顧客管理にCRMを導入したりチャットボットで問い合わせ対応を自動化したり、電子契約サービスで契約手続きをオンライン化するといったIT活用も有効です。
人とツールを活用して業務を仕組み化すれば、経営者一人がフル稼働しなくても事業が回る体制を作れます。
再現性のある仕組みを構築して、次のステージに進みましょう。
信頼を深めるブランドづくり
不動産取引は、お客様にとって人生で最も高額な買い物のひとつです。
「この会社なら信頼できる」というブランドイメージが、成約の決め手になることも少なくありません。
3年目は今まで培った経験をもとに、自社のブランド価値を高めていく段階でもあります。
視覚的な統一感を出す
名刺や店舗看板、ホームページ、チラシなどで共通のロゴやカラーを使用しましょう。統一感のあるデザインは記憶に残り、「きちんとしている会社だ」という信頼感にもつながります。
理念や強みを発信
会社の姿勢に共感したお客様に来ていただくには、情報発信が欠かせません。事業への想いを、積極的にホームページやSNSで発信してください。
お客様の声を活用させていただだく
サービス利用者のアンケートや口コミを集め、許可を得てホームページ等で公開するのもおすすめです。
サービス品質の徹底
問い合わせへの迅速な返信、丁寧な言葉遣い、清潔な身だしなみなど、接客の質を徹底して高めましょう。
一貫したブランド戦略によって、「この会社に頼みたい」という理由をお客様に提供できます。
不動産業開業は「最初の3年」が重要!

不動産業開業直後の3年間は、会社の発展を大きく左右する期間です。
この間に「集客の仕組み」「差別化の軸」「ブランド力」「業務の効率化」といった基盤をどこまで築けるかで、生存率も成功率も大きく変わります。
不動産業開業1年目
地域に根ざして信頼関係を築き、使える集客方法を模索する時期です。堅実な資金管理を徹底して、経営の長期継続を目指し、焦らず足元を固めましょう。
不動産業開業2年目
自社の強みを明確にして他社と差別化し、既存顧客との関係強化や紹介獲得によって安定した集客基盤を固める時期です。
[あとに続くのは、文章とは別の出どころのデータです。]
(* Let $P$ be a finite poset and $t\geq 2$ a fixed integer. Then either $\mathrm{sat}^{\star}([t]^n,P)=O(1)$ as $n\to\infty$, or $\mathrm{sat}^{\star}([t]^n,P)\geq\log_t(n)$ for all $n$.
   Context: For positive integers $n,t$, $[n]=\{1,\dots,n\}$ and the hypergrid $[t]^n$ is the set of functions $f:[n]\to[t]$, partially ordered by $f\leq g$ iff $f(i)\leq g(i)$ for all $i\in[n]$. An induced copy of a poset $P$ in a family $\mathcal{F}\subseteq[t]^n$ is an injective map $\phi:P\to\mathcal{F}$ such that $\phi(x)\leq\phi(y)$ iff $x\leq_P y$. A family $\mathcal{F}\subseteq[t]^n$ is induced $P$-free if it contains no induced copy of $P$; it is induced $P$-saturated if it is induced $P$-free and for every $f\in[t]^n\setminus\mathcal{F}$ the family $\mathcal{F}\cup\{f\}$ contains an induced copy of $P$. Whenever $P$ embeds as an induced subposet of $[t]^n$, $\mathrm{sat}^{\star}([t]^n,P)$ denotes the minimum size of an induced $P$-saturated family in $[t]^n$. *)

theory Defs
  imports Complex_Main
begin

text \<open>The hypergrid [t]^n: functions [n] -> [t], represented extensionally as
  functions nat => nat that are 0 outside [n] = {1..n}.\<close>
definition hypergrid :: "nat \<Rightarrow> nat \<Rightarrow> (nat \<Rightarrow> nat) set" where
  "hypergrid t n = {f. (\<forall>i\<in>{1..n}. f i \<in> {1..t}) \<and> (\<forall>i. i \<notin> {1..n} \<longrightarrow> f i = 0)}"

definition grid_le :: "nat \<Rightarrow> (nat \<Rightarrow> nat) \<Rightarrow> (nat \<Rightarrow> nat) \<Rightarrow> bool" where
  "grid_le n f g \<longleftrightarrow> (\<forall>i\<in>{1..n}. f i \<le> g i)"

definition induced_copy :: "nat \<Rightarrow> ('p::order \<Rightarrow> (nat \<Rightarrow> nat)) \<Rightarrow> (nat \<Rightarrow> nat) set \<Rightarrow> bool" where
  "induced_copy n \<phi> F \<longleftrightarrow> inj \<phi> \<and> (\<forall>x. \<phi> x \<in> F) \<and>
     (\<forall>x y. grid_le n (\<phi> x) (\<phi> y) \<longleftrightarrow> x \<le> y)"

definition contains_induced :: "'p::order itself \<Rightarrow> nat \<Rightarrow> (nat \<Rightarrow> nat) set \<Rightarrow> bool" where
  "contains_induced _ n F \<longleftrightarrow> (\<exists>\<phi>::'p \<Rightarrow> (nat \<Rightarrow> nat). induced_copy n \<phi> F)"

definition induced_free :: "'p::order itself \<Rightarrow> nat \<Rightarrow> (nat \<Rightarrow> nat) set \<Rightarrow> bool" where
  "induced_free P n F \<longleftrightarrow> \<not> contains_induced P n F"

definition induced_saturated :: "'p::order itself \<Rightarrow> nat \<Rightarrow> nat \<Rightarrow> (nat \<Rightarrow> nat) set \<Rightarrow> bool" where
  "induced_saturated P t n F \<longleftrightarrow> F \<subseteq> hypergrid t n \<and> induced_free P n F \<and>
     (\<forall>f \<in> hypergrid t n - F. contains_induced P n (insert f F))"

definition embeds_in_grid :: "'p::order itself \<Rightarrow> nat \<Rightarrow> nat \<Rightarrow> bool" where
  "embeds_in_grid P t n \<longleftrightarrow> contains_induced P n (hypergrid t n)"

text \<open>sat*([t]^n, P): minimum size of an induced P-saturated family
  (meaningful when P embeds in [t]^n).\<close>
definition sat_star :: "'p::order itself \<Rightarrow> nat \<Rightarrow> nat \<Rightarrow> nat" where
  "sat_star P t n = Inf {card F | F. induced_saturated P t n F}"

end

theory Submission
  imports Defs "HOL-Library.FuncSet"
begin

text \<open>If some saturated family F in [t]^n has fewer than log_t n members, then by pigeonhole
  two coordinates i and j are twins: every member of F takes the same value on them. Adding a
  coordinate n+1 that copies coordinate i then turns F into an induced P-saturated family of the
  same size in [t]^(n+1) in which i and j are still twins, so sat*([t]^n, P) stays bounded by |F|
  from n on.\<close>

lemma finite_hypergrid: "finite (hypergrid t n)"
proof -
  have "hypergrid t n =
      {f. \<forall>x. (x \<in> {1..n} \<longrightarrow> f x \<in> {1..t}) \<and> (x \<notin> {1..n} \<longrightarrow> f x = 0)}"
    unfolding hypergrid_def by blast
  then show ?thesis using finite_set_of_finite_funs[of "{1..n}" "{1..t}" 0] by simp
qed

lemma hypergrid_Suc_zero: "f \<in> hypergrid t n \<Longrightarrow> f (Suc n) = 0"
  unfolding hypergrid_def by auto

lemma grid_le_Suc: "grid_le (Suc n) f g \<longleftrightarrow> grid_le n f g \<and> f (Suc n) \<le> g (Suc n)"
  unfolding grid_le_def by (auto simp: le_Suc_eq)

lemma grid_le_upd_Suc: "grid_le n (f(Suc n := a)) (g(Suc n := b)) = grid_le n f g"
  unfolding grid_le_def by auto

lemma contains_induced_image:
  assumes "contains_induced (P :: 'p::order itself) n A" and "inj_on e A"
    and "\<And>f g. f \<in> A \<Longrightarrow> g \<in> A \<Longrightarrow> grid_le m (e f) (e g) = grid_le n f g"
  shows "contains_induced P m (e ` A)"
proof -
  obtain \<phi> :: "'p \<Rightarrow> nat \<Rightarrow> nat" where \<phi>: "induced_copy n \<phi> A"
    using assms(1) unfolding contains_induced_def by blast
  then have "range \<phi> \<subseteq> A" "inj \<phi>" unfolding induced_copy_def by auto
  then have "inj (e \<circ> \<phi>)"
    using comp_inj_on inj_on_subset[OF assms(2)] by blast
  then have "induced_copy m (e \<circ> \<phi>) (e ` A)"
    using \<phi> \<open>range \<phi> \<subseteq> A\<close> assms(3) unfolding induced_copy_def by auto
  then show ?thesis unfolding contains_induced_def by blast
qed

lemma induced_saturated_exists: "\<exists>F. induced_saturated (P :: 'p::order itself) t n F"
proof -
  let ?A = "{F. F \<subseteq> hypergrid t n \<and> induced_free P n F}"
  have "finite ?A" using finite_hypergrid by (simp add: finite_Pow_iff)
  moreover have "{} \<in> ?A"
    by (simp add: induced_free_def contains_induced_def induced_copy_def)
  ultimately obtain F where F: "F \<in> ?A" and maximal: "\<forall>G\<in>?A. F \<subseteq> G \<longrightarrow> F = G"
    using finite_has_maximal[of ?A] by blast
  have "contains_induced P n (insert f F)" if f: "f \<in> hypergrid t n - F" for f
  proof (rule ccontr)
    assume "\<not> contains_induced P n (insert f F)"
    then have "insert f F \<in> ?A" using F f by (auto simp: induced_free_def)
    then show False using maximal f by blast
  qed
  with F show ?thesis unfolding induced_saturated_def by blast
qed

lemma sat_star_le_card: "induced_saturated P t n F \<Longrightarrow> sat_star P t n \<le> card F"
  unfolding sat_star_def by (rule cInf_lower) auto

lemma sat_star_attained:
  obtains F where "induced_saturated (P :: 'p::order itself) t n F" "card F = sat_star P t n"
proof -
  have "{card F | F. induced_saturated P t n F} \<noteq> {}"
    using induced_saturated_exists by blast
  then have "sat_star P t n \<in> {card F | F. induced_saturated P t n F}"
    unfolding sat_star_def by (rule Inf_nat_def1)
  then show ?thesis using that by auto
qed

lemma twin_coordinates_exist:
  assumes "F \<subseteq> hypergrid t n" and "t ^ card F < n"
  obtains i j where "i \<in> {1..n}" "j \<in> {1..n}" "i \<noteq> j" "\<forall>f\<in>F. f i = f j"
proof -
  have "finite F" using assms(1) finite_hypergrid finite_subset by blast
  define column where "column i = restrict (\<lambda>f. f i) F" for i :: nat
  have "column ` {1..n} \<subseteq> F \<rightarrow>\<^sub>E {1..t}"
    using assms(1) unfolding column_def hypergrid_def by auto
  moreover have "finite (F \<rightarrow>\<^sub>E {1..t})" using \<open>finite F\<close> by (simp add: finite_PiE)
  moreover have "card (F \<rightarrow>\<^sub>E {1..t}) < card {1..n}"
    using assms(2) by (simp add: card_PiE[OF \<open>finite F\<close>])
  ultimately have "\<not> inj_on column {1..n}"
    using card_inj_on_le[of column "{1..n}" "F \<rightarrow>\<^sub>E {1..t}"] by linarith
  then obtain i j where "i \<in> {1..n}" "j \<in> {1..n}" "i \<noteq> j" "column i = column j"
    unfolding inj_on_def by blast
  moreover have "f i = f j" if "f \<in> F" for f
    using that fun_cong[OF \<open>column i = column j\<close>, of f] unfolding column_def by simp
  ultimately show ?thesis using that by blast
qed

definition extend_by_copy :: "nat \<Rightarrow> nat \<Rightarrow> (nat \<Rightarrow> nat) \<Rightarrow> nat \<Rightarrow> nat" where
  "extend_by_copy n i f = f(Suc n := f i)"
広告の効果検証と改善を重ね、費用対効果の高い集客方法を身につけましょう。
不動産業開業3年目
業務を仕組み化する時期です。同時にブランド作りにも注力し、「この会社なら安心だ」と選ばれる存在になることを目指してください。
不動産業の開業で大切なのは、集客力や営業力、ブランド力を磨き続けることです。
日々、小さな改善を行い、前進する姿勢が、成功へとつながります。
不動産業開業は、大きなチャンスを秘めた選択肢です。「地域で信頼される不動産会社を開業したい」「不動産業を開業し、地域へ貢献したい」という方は、ぜひ全国47都道府県に本部のある全日本不動産協会へご相談ください!
不動産業開業のご相談は「全日本不動産協会」

「全日本不動産協会」は、1952年10月に創立された公益社団法人です。中小規模の不動産会社で構成されており、2025年11月末の正会員数は38,013社で年々増加しています。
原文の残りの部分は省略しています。